(Saved entries)
════════════════════

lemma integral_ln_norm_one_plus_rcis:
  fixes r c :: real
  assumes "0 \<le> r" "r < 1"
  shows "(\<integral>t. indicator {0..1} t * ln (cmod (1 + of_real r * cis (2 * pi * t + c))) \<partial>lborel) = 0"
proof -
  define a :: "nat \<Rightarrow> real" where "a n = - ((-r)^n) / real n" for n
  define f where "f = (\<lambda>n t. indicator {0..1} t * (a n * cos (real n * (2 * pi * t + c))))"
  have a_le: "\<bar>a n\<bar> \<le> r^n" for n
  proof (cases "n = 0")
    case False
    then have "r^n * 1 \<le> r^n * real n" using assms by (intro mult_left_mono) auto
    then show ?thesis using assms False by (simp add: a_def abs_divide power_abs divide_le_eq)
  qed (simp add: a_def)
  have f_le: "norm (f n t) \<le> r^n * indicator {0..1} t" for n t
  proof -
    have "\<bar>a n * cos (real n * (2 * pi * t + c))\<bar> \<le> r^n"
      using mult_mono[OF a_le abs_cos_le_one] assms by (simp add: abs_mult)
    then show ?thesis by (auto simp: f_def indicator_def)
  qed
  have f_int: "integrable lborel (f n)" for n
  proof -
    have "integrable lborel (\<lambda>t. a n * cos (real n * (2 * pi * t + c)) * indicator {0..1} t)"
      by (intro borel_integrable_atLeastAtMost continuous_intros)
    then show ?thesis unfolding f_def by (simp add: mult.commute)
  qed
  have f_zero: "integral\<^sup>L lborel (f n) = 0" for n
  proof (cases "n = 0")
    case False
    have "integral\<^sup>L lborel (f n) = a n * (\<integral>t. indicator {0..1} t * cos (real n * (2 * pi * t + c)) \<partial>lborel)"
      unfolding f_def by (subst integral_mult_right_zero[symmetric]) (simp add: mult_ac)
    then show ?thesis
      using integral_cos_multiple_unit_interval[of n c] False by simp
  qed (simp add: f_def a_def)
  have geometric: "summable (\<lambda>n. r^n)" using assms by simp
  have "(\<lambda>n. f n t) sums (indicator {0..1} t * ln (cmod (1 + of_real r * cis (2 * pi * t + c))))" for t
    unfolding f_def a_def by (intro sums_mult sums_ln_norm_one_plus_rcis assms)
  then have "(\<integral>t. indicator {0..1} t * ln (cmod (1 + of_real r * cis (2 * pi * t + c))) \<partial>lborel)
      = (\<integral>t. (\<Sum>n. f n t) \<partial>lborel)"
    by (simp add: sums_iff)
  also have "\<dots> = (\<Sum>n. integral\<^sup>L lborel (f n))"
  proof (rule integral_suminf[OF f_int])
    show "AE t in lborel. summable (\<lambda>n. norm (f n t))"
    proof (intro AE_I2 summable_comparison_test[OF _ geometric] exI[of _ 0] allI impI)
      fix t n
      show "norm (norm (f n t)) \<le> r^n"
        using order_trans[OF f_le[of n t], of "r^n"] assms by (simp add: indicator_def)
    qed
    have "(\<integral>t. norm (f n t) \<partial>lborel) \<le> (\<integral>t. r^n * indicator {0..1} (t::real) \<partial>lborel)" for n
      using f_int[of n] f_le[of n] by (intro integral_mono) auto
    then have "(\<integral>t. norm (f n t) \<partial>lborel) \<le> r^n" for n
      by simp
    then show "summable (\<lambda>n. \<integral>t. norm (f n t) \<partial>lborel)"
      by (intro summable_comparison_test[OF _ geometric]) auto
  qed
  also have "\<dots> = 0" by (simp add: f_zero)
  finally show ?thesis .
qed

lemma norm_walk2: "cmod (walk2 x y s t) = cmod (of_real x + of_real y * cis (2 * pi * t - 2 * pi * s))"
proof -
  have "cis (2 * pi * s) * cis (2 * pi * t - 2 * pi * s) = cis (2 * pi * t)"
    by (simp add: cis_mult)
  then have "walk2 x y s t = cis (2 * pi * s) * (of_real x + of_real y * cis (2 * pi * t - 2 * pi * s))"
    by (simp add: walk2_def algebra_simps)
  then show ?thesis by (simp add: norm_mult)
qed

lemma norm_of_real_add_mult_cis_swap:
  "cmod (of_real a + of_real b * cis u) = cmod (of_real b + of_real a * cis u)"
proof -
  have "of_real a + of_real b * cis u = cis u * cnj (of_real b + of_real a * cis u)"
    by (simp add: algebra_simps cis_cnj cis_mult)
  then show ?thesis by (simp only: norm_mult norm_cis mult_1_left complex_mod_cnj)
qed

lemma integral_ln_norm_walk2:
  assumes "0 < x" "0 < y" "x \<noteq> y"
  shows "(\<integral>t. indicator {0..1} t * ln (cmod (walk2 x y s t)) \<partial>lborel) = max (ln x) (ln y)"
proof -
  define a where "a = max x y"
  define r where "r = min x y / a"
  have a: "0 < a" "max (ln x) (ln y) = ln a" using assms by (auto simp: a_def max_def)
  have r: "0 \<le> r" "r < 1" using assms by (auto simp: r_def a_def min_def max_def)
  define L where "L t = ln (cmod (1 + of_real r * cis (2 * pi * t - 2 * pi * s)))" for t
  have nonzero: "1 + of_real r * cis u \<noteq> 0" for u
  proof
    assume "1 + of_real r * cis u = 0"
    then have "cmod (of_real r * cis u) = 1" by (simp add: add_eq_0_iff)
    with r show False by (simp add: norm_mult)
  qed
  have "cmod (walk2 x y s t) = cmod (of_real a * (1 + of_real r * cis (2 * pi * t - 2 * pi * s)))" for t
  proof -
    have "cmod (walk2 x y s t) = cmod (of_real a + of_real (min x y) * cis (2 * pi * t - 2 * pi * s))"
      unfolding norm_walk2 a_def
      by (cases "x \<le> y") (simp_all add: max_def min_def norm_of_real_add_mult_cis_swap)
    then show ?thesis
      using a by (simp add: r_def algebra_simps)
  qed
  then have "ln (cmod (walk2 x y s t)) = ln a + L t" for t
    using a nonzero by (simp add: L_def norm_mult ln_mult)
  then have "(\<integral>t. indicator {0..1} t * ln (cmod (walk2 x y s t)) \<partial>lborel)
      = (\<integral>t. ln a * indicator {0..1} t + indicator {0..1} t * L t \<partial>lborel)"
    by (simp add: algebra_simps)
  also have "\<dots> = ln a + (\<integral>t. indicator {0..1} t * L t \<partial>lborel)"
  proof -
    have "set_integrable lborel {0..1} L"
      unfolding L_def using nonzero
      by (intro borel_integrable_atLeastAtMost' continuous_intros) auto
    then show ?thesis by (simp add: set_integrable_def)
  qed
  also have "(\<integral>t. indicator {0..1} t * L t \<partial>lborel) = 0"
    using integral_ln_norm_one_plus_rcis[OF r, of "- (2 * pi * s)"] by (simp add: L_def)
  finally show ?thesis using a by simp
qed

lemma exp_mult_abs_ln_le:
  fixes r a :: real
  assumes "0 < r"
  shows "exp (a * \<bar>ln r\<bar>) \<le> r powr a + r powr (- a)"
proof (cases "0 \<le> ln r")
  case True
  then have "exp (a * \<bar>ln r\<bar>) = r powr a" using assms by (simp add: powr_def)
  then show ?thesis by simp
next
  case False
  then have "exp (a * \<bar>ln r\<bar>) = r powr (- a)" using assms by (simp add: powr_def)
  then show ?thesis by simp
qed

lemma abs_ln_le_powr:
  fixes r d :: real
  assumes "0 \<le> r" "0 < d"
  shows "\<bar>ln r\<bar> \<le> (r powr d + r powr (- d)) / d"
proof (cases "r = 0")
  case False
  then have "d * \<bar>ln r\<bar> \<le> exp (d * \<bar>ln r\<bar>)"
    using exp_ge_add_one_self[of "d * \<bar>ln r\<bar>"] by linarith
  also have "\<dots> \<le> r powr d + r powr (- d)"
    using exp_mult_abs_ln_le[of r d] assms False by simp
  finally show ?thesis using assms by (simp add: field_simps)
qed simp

════════════════════

Task prompt
Which lines run from the one holding "by (simp add: algebra_simps)" through the one holding "unfolding L_def using nonzero" in the records above? Repeat them exactly, both included, and nothing more.

Response box
    by (simp add: algebra_simps)
  also have "\<dots> = ln a + (\<integral>t. indicator {0..1} t * L t \<partial>lborel)"
  proof -
    have "set_integrable lborel {0..1} L"
      unfolding L_def using nonzero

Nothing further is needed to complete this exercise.